Dataset records
Segment Open
(* In the two-type setting, suppose $\phi_1\sigma>1$, and let $r=\inf\{\lambda_1(p):p\in(0,\bar p_1]\times[0,\bar p_2]\}$. Let $p^0\in(0,1)^2$ with $p^0_1+p^0_2\le1$ and $p^n=h^n(p^0)$. Then there is $\bar c\in(0,p^0_1)$ such that for every $c\in(0,\bar c]$ there is $\bar k\in\mathbb N$ with the property: for all $n\in\mathbb N$, if $p^n_1\ge c$ then there is $k\le\bar k$ with $p^{n+k}_1>\frac{3}{2r}c$.
   Context: Two-type limiting map: $\beta_1,\beta_2>0$, $\alpha(1),\alpha(2)\in[0,1)$, $\phi_i=(1-\alpha(i))\beta_i$. For $p\in[0,1]^2$, $S(p)=\beta_1p_1+\beta_2p_2$ and $f^{(i)}(p)=(1-e^{-S(p)})\beta_ip_i/S(p)$ ($=0$ if $S(p)=0$). For $\alpha\in(0,1)$ let $g_\alpha(x)=\frac{(1-\sqrt{1-4(1-\alpha)x(1-x)})^3}{8(1-\alpha)^2x^2}$ for $x\in(0,1]$ and $g_\alpha(0)=0$; let $g_0(x)=x$ for $x\le1/2$ and $g_0(x)=(1-x)^3/x^2$ for $x>1/2$. $h(p)=(h_1(p),h_2(p))$ with $h_i(p)=g_{\alpha(i)}(f^{(i)}(p))$; $\lambda_i(p)=h_i(p)/p_i$ for $p_i>0$. $\bar p_i=\sup_{x\in[0,1]}g_{\alpha(i)}(x)$. $\psi(x)=(1-e^{-x})/x$, $\psi(0)=1$. For $x\in[0,1]$ let $\Psi_n(x)=\big(\prod_{k=0}^{n-1}\psi(\beta_2h^k_2(0,x))\big)^{1/n}$, $\underline\Psi(x)=\liminf_{n\to\infty}\Psi_n(x)$, and $\sigma=\inf_{x\in[0,\bar p_2]}\underline\Psi(x)$. *)

theory Defs
  imports "HOL-Analysis.Analysis"
begin

definition S2 :: "real \<Rightarrow> real \<Rightarrow> real \<times> real \<Rightarrow> real" where
  "S2 b1 b2 p = b1 * fst p + b2 * snd p"

definition fmap :: "real \<Rightarrow> real \<Rightarrow> real \<Rightarrow> real \<Rightarrow> real \<times> real \<Rightarrow> real" where
  "fmap b1 b2 bi qi p =
     (if S2 b1 b2 p = 0 then 0 else (1 - exp (- S2 b1 b2 p)) * bi * qi / S2 b1 b2 p)"

definition gfun :: "real \<Rightarrow> real \<Rightarrow> real" where
  "gfun a x =
     (if a = 0 then (if x \<le> 1/2 then x else (1 - x)^3 / x^2)
      else if x = 0 then 0
      else (1 - sqrt (1 - 4 * (1 - a) * x * (1 - x)))^3 / (8 * (1 - a)^2 * x^2))"

definition hmap :: "real \<Rightarrow> real \<Rightarrow> real \<Rightarrow> real \<Rightarrow> real \<times> real \<Rightarrow> real \<times> real" where
  "hmap b1 b2 a1 a2 p =
     (gfun a1 (fmap b1 b2 b1 (fst p) p), gfun a2 (fmap b1 b2 b2 (snd p) p))"

text \<open>lambda_1(p) = h_1(p)/p_1 (used only for p_1 > 0).\<close>
definition lam1 :: "real \<Rightarrow> real \<Rightarrow> real \<Rightarrow> real \<Rightarrow> real \<times> real \<Rightarrow> real" where
  "lam1 b1 b2 a1 a2 p = fst (hmap b1 b2 a1 a2 p) / fst p"

definition pbar :: "real \<Rightarrow> real" where
  "pbar a = (SUP x\<in>{0..1}. gfun a x)"

definition psi :: "real \<Rightarrow> real" where
  "psi x = (if x = 0 then 1 else (1 - exp (- x)) / x)"

definition Psi_n :: "real \<Rightarrow> real \<Rightarrow> real \<Rightarrow> real \<Rightarrow> nat \<Rightarrow> real \<Rightarrow> real" where
  "Psi_n b1 b2 a1 a2 n x =
     (\<Prod>k<n. psi (b2 * snd ((hmap b1 b2 a1 a2 ^^ k) (0, x)))) powr (1 / real n)"

definition Psi_liminf :: "real \<Rightarrow> real \<Rightarrow> real \<Rightarrow> real \<Rightarrow> real \<Rightarrow> ereal" where
  "Psi_liminf b1 b2 a1 a2 x = liminf (\<lambda>n. ereal (Psi_n b1 b2 a1 a2 n x))"

definition sigma :: "real \<Rightarrow> real \<Rightarrow> real \<Rightarrow> real \<Rightarrow> ereal" where
  "sigma b1 b2 a1 a2 = (INF x\<in>{0..pbar a2}. Psi_liminf b1 b2 a1 a2 x)"

end

theory Submission imports Defs begin

text \<open>
  On the axis \<open>p\<^sub>1 = 0\<close> the first coordinate is multiplied in each step by
  \<open>\<phi>\<^sub>1 \<psi>(\<beta>\<^sub>2 p\<^sub>2)\<close>, so \<open>\<phi>\<^sub>1 \<sigma> > 1\<close> forces the product of these multipliers along the
  axis orbit of every \<open>(0, x)\<close> with \<open>0 \<le> x \<le> pbar a2\<close> to exceed 2 after finitely many steps.
  These products depend continuously on the starting point, so by compactness of the segment
  there are \<open>e > 0\<close> and \<open>N\<close> such that every point with \<open>0 < p\<^sub>1 < e\<close> and \<open>p\<^sub>2 \<le> pbar a2\<close>
  (which holds along every orbit after one step) doubles its first coordinate within \<open>N\<close> steps.
  Doubling repeatedly, a first coordinate \<open>\<ge> c\<close> exceeds any fixed multiple \<open>A c < e\<close> within a
  number of steps bounded in terms of \<open>A\<close> and \<open>N\<close> only.
\<close>

lemma psi_mult: "x * psi x = 1 - exp (- x)"
  by (simp add: psi_def)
Segment Closed
All of the data shown above must be copied exactly.

(* In the two-type setting, suppose $\phi_1\sigma>1$, and let $r=\inf\{\lambda_1(p):p\in(0,\bar p_1]\times[0,\bar p_2]\}$. Let $p^0\in(0,1)^2$ with $p^0_1+p^0_2\le1$ and $p^n=h^n(p^0)$. Then there is $\bar c\in(0,p^0_1)$ such that for every $c\in(0,\bar c]$ there is $\bar k\in\mathbb N$ with the property: for all $n\in\mathbb N$, if $p^n_1\ge c$ then there is $k\le\bar k$ with $p^{n+k}_1>\frac{3}{2r}c$.
   Context: Two-type limiting map: $\beta_1,\beta_2>0$, $\alpha(1),\alpha(2)\in[0,1)$, $\phi_i=(1-\alpha(i))\beta_i$. For $p\in[0,1]^2$, $S(p)=\beta_1p_1+\beta_2p_2$ and $f^{(i)}(p)=(1-e^{-S(p)})\beta_ip_i/S(p)$ ($=0$ if $S(p)=0$). For $\alpha\in(0,1)$ let $g_\alpha(x)=\frac{(1-\sqrt{1-4(1-\alpha)x(1-x)})^3}{8(1-\alpha)^2x^2}$ for $x\in(0,1]$ and $g_\alpha(0)=0$; let $g_0(x)=x$ for $x\le1/2$ and $g_0(x)=(1-x)^3/x^2$ for $x>1/2$. $h(p)=(h_1(p),h_2(p))$ with $h_i(p)=g_{\alpha(i)}(f^{(i)}(p))$; $\lambda_i(p)=h_i(p)/p_i$ for $p_i>0$. $\bar p_i=\sup_{x\in[0,1]}g_{\alpha(i)}(x)$. $\psi(x)=(1-e^{-x})/x$, $\psi(0)=1$. For $x\in[0,1]$ let $\Psi_n(x)=\big(\prod_{k=0}^{n-1}\psi(\beta_2h^k_2(0,x))\big)^{1/n}$, $\underline\Psi(x)=\liminf_{n\to\infty}\Psi_n(x)$, and $\sigma=\inf_{x\in[0,\bar p_2]}\underline\Psi(x)$. *)

theory Defs
  imports "HOL-Analysis.Analysis"
begin

definition S2 :: "real \<Rightarrow> real \<Rightarrow> real \<times> real \<Rightarrow> real" where
  "S2 b1 b2 p = b1 * fst p + b2 * snd p"

definition fmap :: "real \<Rightarrow> real \<Rightarrow> real \<Rightarrow> real \<Rightarrow> real \<times> real \<Rightarrow> real" where
  "fmap b1 b2 bi qi p =
     (if S2 b1 b2 p = 0 then 0 else (1 - exp (- S2 b1 b2 p)) * bi * qi / S2 b1 b2 p)"

definition gfun :: "real \<Rightarrow> real \<Rightarrow> real" where
  "gfun a x =
     (if a = 0 then (if x \<le> 1/2 then x else (1 - x)^3 / x^2)
      else if x = 0 then 0
      else (1 - sqrt (1 - 4 * (1 - a) * x * (1 - x)))^3 / (8 * (1 - a)^2 * x^2))"

definition hmap :: "real \<Rightarrow> real \<Rightarrow> real \<Rightarrow> real \<Rightarrow> real \<times> real \<Rightarrow> real \<times> real" where
  "hmap b1 b2 a1 a2 p =
     (gfun a1 (fmap b1 b2 b1 (fst p) p), gfun a2 (fmap b1 b2 b2 (snd p) p))"

text \<open>lambda_1(p) = h_1(p)/p_1 (used only for p_1 > 0).\<close>
definition lam1 :: "real \<Rightarrow> real \<Rightarrow> real \<Rightarrow> real \<Rightarrow> real \<times> real \<Rightarrow> real" where
  "lam1 b1 b2 a1 a2 p = fst (hmap b1 b2 a1 a2 p) / fst p"

definition pbar :: "real \<Rightarrow> real" where
  "pbar a = (SUP x\<in>{0..1}. gfun a x)"

definition psi :: "real \<Rightarrow> real" where
  "psi x = (if x = 0 then 1 else (1 - exp (- x)) / x)"

definition Psi_n :: "real \<Rightarrow> real \<Rightarrow> real \<Rightarrow> real \<Rightarrow> nat \<Rightarrow> real \<Rightarrow> real" where
  "Psi_n b1 b2 a1 a2 n x =
     (\<Prod>k<n. psi (b2 * snd ((hmap b1 b2 a1 a2 ^^ k) (0, x)))) powr (1 / real n)"

definition Psi_liminf :: "real \<Rightarrow> real \<Rightarrow> real \<Rightarrow> real \<Rightarrow> real \<Rightarrow> ereal" where
  "Psi_liminf b1 b2 a1 a2 x = liminf (\<lambda>n. ereal (Psi_n b1 b2 a1 a2 n x))"

definition sigma :: "real \<Rightarrow> real \<Rightarrow> real \<Rightarrow> real \<Rightarrow> ereal" where
  "sigma b1 b2 a1 a2 = (INF x\<in>{0..pbar a2}. Psi_liminf b1 b2 a1 a2 x)"

end

theory Submission imports Defs begin

text \<open>
  On the axis \<open>p\<^sub>1 = 0\<close> the first coordinate is multiplied in each step by
  \<open>\<phi>\<^sub>1 \<psi>(\<beta>\<^sub>2 p\<^sub>2)\<close>, so \<open>\<phi>\<^sub>1 \<sigma> > 1\<close> forces the product of these multipliers along the
  axis orbit of every \<open>(0, x)\<close> with \<open>0 \<le> x \<le> pbar a2\<close> to exceed 2 after finitely many steps.
  These products depend continuously on the starting point, so by compactness of the segment
  there are \<open>e > 0\<close> and \<open>N\<close> such that every point with \<open>0 < p\<^sub>1 < e\<close> and \<open>p\<^sub>2 \<le> pbar a2\<close>
  (which holds along every orbit after one step) doubles its first coordinate within \<open>N\<close> steps.
  Doubling repeatedly, a first coordinate \<open>\<ge> c\<close> exceeds any fixed multiple \<open>A c < e\<close> within a
  number of steps bounded in terms of \<open>A\<close> and \<open>N\<close> only.
\<close>

lemma psi_mult: "x * psi x = 1 - exp (- x)"
  by (simp add: psi_def)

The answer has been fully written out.